Не ходи по ночам в этот город -

Там живут безголосые звери.

— Вероника, сходи, скажи, что скоро сядем, — бросив взгляд на экран, сказал пилот.

Стюардесса молча кивнула и вышла из кабины. Не открывая дверь, она заглянула в салон через маленькое окошко, снаружи казавшееся обычным зеркалом. Пассажирка сидела в кресле у окна, поглаживая пальцами стакан со свежевыжатым ананасовым соком, который она потребовала в начале полета, но до сих пор даже не прикоснулась к нему.

Вероника три года работала в компании «Ласточка», чьей специализацией были срочные перелеты на небольших, но очень быстрых самолетах бизнес-класса — такое своеобразное авиатакси. И за эти три года она насмотрелась самого разного — стюардесса сопровождала в рейсах поп-звезд, политиков, спортсменов, скучающих миллиардеров, и многих других. Но никто из них не вызывал у Вероники таких смешанных чувств. Она одновременно восхищалась пассажиркой, ненавидела ее, боялась, и… было что-то еще, практически неуловимое, но отравляющее сам воздух. Быть может, ледяная чуждость, ощущение которой оседало на коже всякий раз, когда Вероника вынуждена была оказаться в салоне?

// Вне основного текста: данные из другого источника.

lemma prime_power_unit_mult_nth_power_solvable:
  fixes c u :: int
  assumes "prime p" "coprime n (p * (p - 1))" "n > 0" "\<not> int p dvd c" "\<not> int p dvd u"
  shows "\<exists>z. int p ^ N dvd c * z ^ n - u"
proof -
  have "coprime n (totient (p ^ N))"
    using assms(1,2) by (cases "N = 0") (simp_all add: totient_prime_power)
  moreover have "coprime c (int p)" "coprime u (int p)"
    using assms(1,4,5) by (metis coprime_commute prime_imp_coprime prime_nat_int_transfer)+
  then have "coprime c (int (p ^ N))" "coprime u (int (p ^ N))" by simp_all
  ultimately show ?thesis
    using cong_unit_mult_nth_power_solvable[OF assms(3)] by (metis cong_iff_dvd_diff of_nat_power)
qed

lemma residues_meet_shifted_residues:
  fixes g :: "'b \<Rightarrow> int" and n :: nat
  assumes "finite I" "n > 0" "n < 2 * card I" "inj_on (\<lambda>i. g i mod int n) I"
  shows "\<exists>i\<in>I. \<exists>j\<in>I. [g i = g j + k] (mod int n)"
proof -
  define A where "A = (\<lambda>i. g i mod int n) ` I"
  define B where "B = (\<lambda>j. (g j + k) mod int n) ` I"
  have "inj_on (\<lambda>j. (g j + k) mod int n) I"
  proof (rule inj_onI)
    fix x y assume "x \<in> I" "y \<in> I" "(g x + k) mod int n = (g y + k) mod int n"
    then have "g x mod int n = g y mod int n" using cong_add_rcancel unfolding cong_def by blast
    then show "x = y" using inj_onD[OF assms(4)] \<open>x \<in> I\<close> \<open>y \<in> I\<close> by blast
  qed
  then have "card A + card B = 2 * card I"
    using assms(4) unfolding A_def B_def by (simp add: card_image)
  moreover have "A \<union> B \<subseteq> {0..<int n}" using assms(2) unfolding A_def B_def by auto
  then have "card (A \<union> B) \<le> card {0..<int n}" by (intro card_mono) simp_all
  moreover have "card A + card B = card (A \<union> B) + card (A \<inter> B)"
    using assms(1) unfolding A_def B_def by (intro card_Un_Int) simp_all
  ultimately have "card (A \<inter> B) \<noteq> 0" using assms(3) by simp
  then obtain c where "c \<in> A \<inter> B" by (metis card.empty ex_in_conv)
  then obtain i j where "i \<in> I" "j \<in> I" "g i mod int n = (g j + k) mod int n"
    unfolding A_def B_def by auto
  then show ?thesis unfolding cong_def by blast
qed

Пассажирка была молодая, лет двадцати пяти на вид, мулатка с гладкими и тяжелыми черными волосами, молочно-шоколадной кожей, огромными, в пол-лица, темными глазами. Лицо ее странным образом сочетало в себе африканские и европейские черты: слишком тонкие для африканки губы, прямой и изящный нос, но в то же время — форма черепа и разрез глаз, не свойственные европейским женщинам. Она носила чешскую фамилию, интернациональное имя, деловой костюм и портативный комп в сумочке. Она была странная. И Вероника ее боялась.

— Наш самолет заходит на посадку, — сказала стюардесса, переборов себя и войдя в салон. — Через пятнадцать-двадцать минут вы будете на земле.

— Хорошо, — кивнула мулатка, не удостоив Веронику даже взглядом. — Заберите стакан.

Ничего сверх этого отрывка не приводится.